In terms of biologic therapy, Weiß et al. evaluated the correlation between objective and subjective measures of inflammation in axSpA treated with biologic therapy-etanercept (ETA) or adalimumab (ADA) [15]. They found patients with <4 years of disease demonstrated a significantly better BASDAI improvement, and BASDAI correlated strongly with improvement in MRI SIJ scores (p=0.01) than those with longer disease duration. This suggests that symptoms may be mainly driven by inflammation in the early course of the disease but as the duration increases other factors such as secondary fibromyalgia, chronic muscle imbalance, non-physiological stress, or impact on joints can also affect patient-reported outcomes (PROs).

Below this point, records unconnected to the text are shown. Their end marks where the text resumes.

definition system_over :: "'c set \<Rightarrow> nat \<Rightarrow> ('c trm \<times> 'c trm) set \<Rightarrow> bool" where
  "system_over S n E \<longleftrightarrow> (\<forall>(t, s)\<in>E. term_over S n t \<and> term_over S n s)"

lemma algebraic_iff_system_over:
  "algebraic S m iv n A \<longleftrightarrow> (\<exists>E. system_over S n E \<and> A = solset S m iv n E)"
  by (simp add: algebraic_def system_over_def)

lemma teval_subst:
  "tvars t \<subseteq> {..<length \<sigma>} \<Longrightarrow> teval m iv xs (subst \<sigma> t) = teval m iv (map (teval m iv xs) \<sigma>) t"
  by (induction t) auto

lemma term_over_subst:
  "term_over S (length \<sigma>) t \<Longrightarrow> \<forall>u\<in>set \<sigma>. term_over S n u \<Longrightarrow> term_over S n (subst \<sigma> t)"
  by (induction t) (auto simp: term_over_def)

lemma system_over_subst_sys:
  "system_over S (length \<sigma>) E \<Longrightarrow> \<forall>u\<in>set \<sigma>. term_over S n u \<Longrightarrow> system_over S n (subst_sys \<sigma> E)"
  by (auto simp: system_over_def subst_sys_def intro: term_over_subst)

section \<open>Separating terms and equational domains\<close>

definition separating :: "'c set \<Rightarrow> ('c \<Rightarrow> 'c \<Rightarrow> 'c) \<Rightarrow> ('c \<Rightarrow> 'c) \<Rightarrow> 'c trm set \<Rightarrow> 'c \<Rightarrow> bool" where
  "separating S m iv Ts e \<longleftrightarrow> (\<forall>T\<in>Ts. term_over S 2 T) \<and>
     (\<forall>u\<in>S. \<forall>v\<in>S. u = v \<longleftrightarrow> (\<forall>T\<in>Ts. teval m iv [u, v] T = e))"

definition zero_set :: "'c set \<Rightarrow> ('c \<Rightarrow> 'c \<Rightarrow> 'c) \<Rightarrow> ('c \<Rightarrow> 'c) \<Rightarrow> nat \<Rightarrow> 'c \<Rightarrow> 'c trm set \<Rightarrow> 'c list set" where
  "zero_set S m iv n e U = {xs. length xs = n \<and> set xs \<subseteq> S \<and> (\<forall>u\<in>U. teval m iv xs u = e)}"

context
  fixes S :: "'c set" and m :: "'c \<Rightarrow> 'c \<Rightarrow> 'c" and iv :: "'c \<Rightarrow> 'c"
  assumes mult_closed: "\<And>x y. x \<in> S \<Longrightarrow> y \<in> S \<Longrightarrow> m x y \<in> S"
    and inv_closed: "\<And>x. x \<in> S \<Longrightarrow> iv x \<in> S"
begin

lemma teval_closed:
  "set xs \<subseteq> S \<Longrightarrow> term_over S (length xs) t \<Longrightarrow> teval m iv xs t \<in> S"
  by (induction t) (auto simp: term_over_def mult_closed inv_closed)

lemma solset_subst_sys:
  assumes E: "system_over S (length \<sigma>) E" and \<sigma>: "\<forall>u\<in>set \<sigma>. term_over S n u"
    and xs: "length xs = n" "set xs \<subseteq> S"
  shows "xs \<in> solset S m iv n (subst_sys \<sigma> E) \<longleftrightarrow>
         map (teval m iv xs) \<sigma> \<in> solset S m iv (length \<sigma>) E"
proof -
  have vals: "set (map (teval m iv xs) \<sigma>) \<subseteq> S"
    using \<sigma> xs by (auto intro!: teval_closed)
  have "teval m iv xs (subst \<sigma> t) = teval m iv (map (teval m iv xs) \<sigma>) t"
    if "term_over S (length \<sigma>) t" for t
    using that by (simp add: teval_subst term_over_def)
  then show ?thesis
    using E xs vals by (fastforce simp: solset_def subst_sys_def system_over_def)
qed
lemma sample_cdf_deviation_tail:
  fixes \<epsilon> V :: real
  assumes "\<sigma> = 1 \<or> \<sigma> = -1" and "0 < \<epsilon>" "\<epsilon> \<le> V"
    and variance: "mixture_cdf x * (1 - mixture_cdf x) \<le> V"
  shows "prob {\<omega> \<in> space M. \<epsilon> \<le> \<sigma> * (sample_cdf \<omega> x - mixture_cdf x)}
    \<le> exp (- (card I * \<epsilon>^2 / (3 * V)))"
proof -
  define Y where "Y p \<omega> = \<sigma> * ((if U p \<omega> \<le> x then 1 else 0) - cdf (Q p) x)" for p \<omega>
  have indep_Y: "indep_vars (\<lambda>_. borel) Y I"
    unfolding Y_def by (rule indep_vars_compose2[OF indep_U]) measurable
  have bounded_Y: "\<bar>Y p \<omega>\<bar> \<le> 1" if "p \<in> I" for p \<omega>
    using cdf_Q_bounds[OF that, of x] assms(1) by (auto simp: Y_def)
  have mean_Y: "expectation (Y p) = 0" if "p \<in> I" for p
    using expectation_indicator_le[OF that] integrable_indicator_le[OF that]
    by (simp add: Y_def[abs_def] prob_space)
  have "(\<Sum>p\<in>I. expectation (\<lambda>\<omega>. (Y p \<omega>)^2)) = (\<Sum>p\<in>I. cdf (Q p) x * (1 - cdf (Q p) x))"
    using assms(1) by (auto simp: Y_def power_mult_distrib expectation_centred_indicator_le_sq)
  also have "\<dots> \<le> card I * (mixture_cdf x * (1 - mixture_cdf x))"
    using sum_variance_le_variance_of_mean[OF finite_I] by (simp add: mixture_cdf_def)
  also have "\<dots> \<le> card I * V"
    using variance by (simp add: mult_left_mono)
  finally have variance_Y: "(\<Sum>p\<in>I. expectation (\<lambda>\<omega>. (Y p \<omega>)^2)) \<le> card I * V" .
  have "(\<Sum>p\<in>I. Y p \<omega>) = card I * (\<sigma> * (sample_cdf \<omega> x - mixture_cdf x))" for \<omega>
    using card_I_pos by (simp add: Y_def sample_cdf_def mixture_cdf_def sum_subtractf
        sum_distrib_left[symmetric] algebra_simps)
  then have "prob {\<omega> \<in> space M. \<epsilon> \<le> \<sigma> * (sample_cdf \<omega> x - mixture_cdf x)}
      = prob {\<omega> \<in> space M. card I * \<epsilon> \<le> (\<Sum>p\<in>I. Y p \<omega>)}"
    using card_I_pos by simp
  also have "\<dots> \<le> exp (- ((card I * \<epsilon>)^2 / (3 * (card I * V))))"
    using card_I_pos \<open>0 < \<epsilon>\<close> \<open>\<epsilon> \<le> V\<close>
    by (intro indep_sum_bernstein_tail[OF finite_I indep_Y bounded_Y mean_Y variance_Y]) auto
  also have "(card I * \<epsilon>)^2 / (3 * (card I * V)) = card I * \<epsilon>^2 / (3 * V)"
    using card_I_pos by (simp add: power2_eq_square)
  finally show ?thesis .
qed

We did not include the relationship between ASDAS and MRI to assess if it is superior to BASDAI given the incorporation of inflammatory marker (ESR/CRP) into its score. ASDAS might be a more sensitive tool as reported by several studies previously especially monitoring response to tumour necrosis factor (TNF) inhibitors. Both Pedersen et al. and Braun et al. found ASDAS to demonstrate high responsiveness in their patient population treated with TNF inhibitors who were followed for one to two years compared to BASDAI [16,9]. Similarly, Machado et al. found ASDAS to correlate with MRI findings in AS patients treated with TNF inhibitors but also found CRP improvements to be strongly correlated with radiographic improvements [17]. We did not investigate the correlation with CRP in our study. However, we took the result at baseline rather than the closest reading to the recorded BASDAI, and we did not look at it longitudinally to see if it does improve with treatment. In our cohort, we do not check CRP at regular intervals like in other centres.

BASDAI and demographics

Results did show a significant relationship between BASDAI and gender with males scoring higher than females, which contrasts with previously published studies. A recent study by Maguire et al. found that females had a worse BASDAI score, and they scored themselves significantly worse than males across all components with the highest mean score for fatigue while males scored highest for spinal pain [18]. This is in keeping with another study by Nas et al., which included almost 80 more female patients than males but again found PRO were worse in females across multiple categories and patient-reported quality of life was better in males [19]. A review article by Rusman et al. investigated potential reasons why women score higher and found longer delays in diagnosis, lower treatment efficacy to TNF inhibitors, and lower drug adherence to be significant causes [20]. The finding in our study could be attributed to there being almost twice as many male patients as females and therefore, influencing the results. However, in our study, the BASDAI scores were taken prior to initiation of any biological therapy and usually at diagnosis. Therefore, it could be argued that male patients have a greater disease burden prior to initiation of therapy and the BASDAI reflects this as it is demonstrated in the literature that males have a greater radiographic disease burden at diagnosis and progression and BASDAI in this study correlates with active sacroiliitis [21,22].

Conclusions

This study demonstrated a statistically significant relationship between active sacroiliitis and BASDAI indicating it is a valid measure of disease activity. However, its strength in long-term disease or after initiation of biological therapy cannot be verified in this study. ASDAS may be a better measure of disease due to its incorporation of an inflammatory marker. However, larger studies are needed with a more heterogeneous population group to ascertain which is superior and to obtain further meaningful results regarding demographics and clinical features with disease activity tools.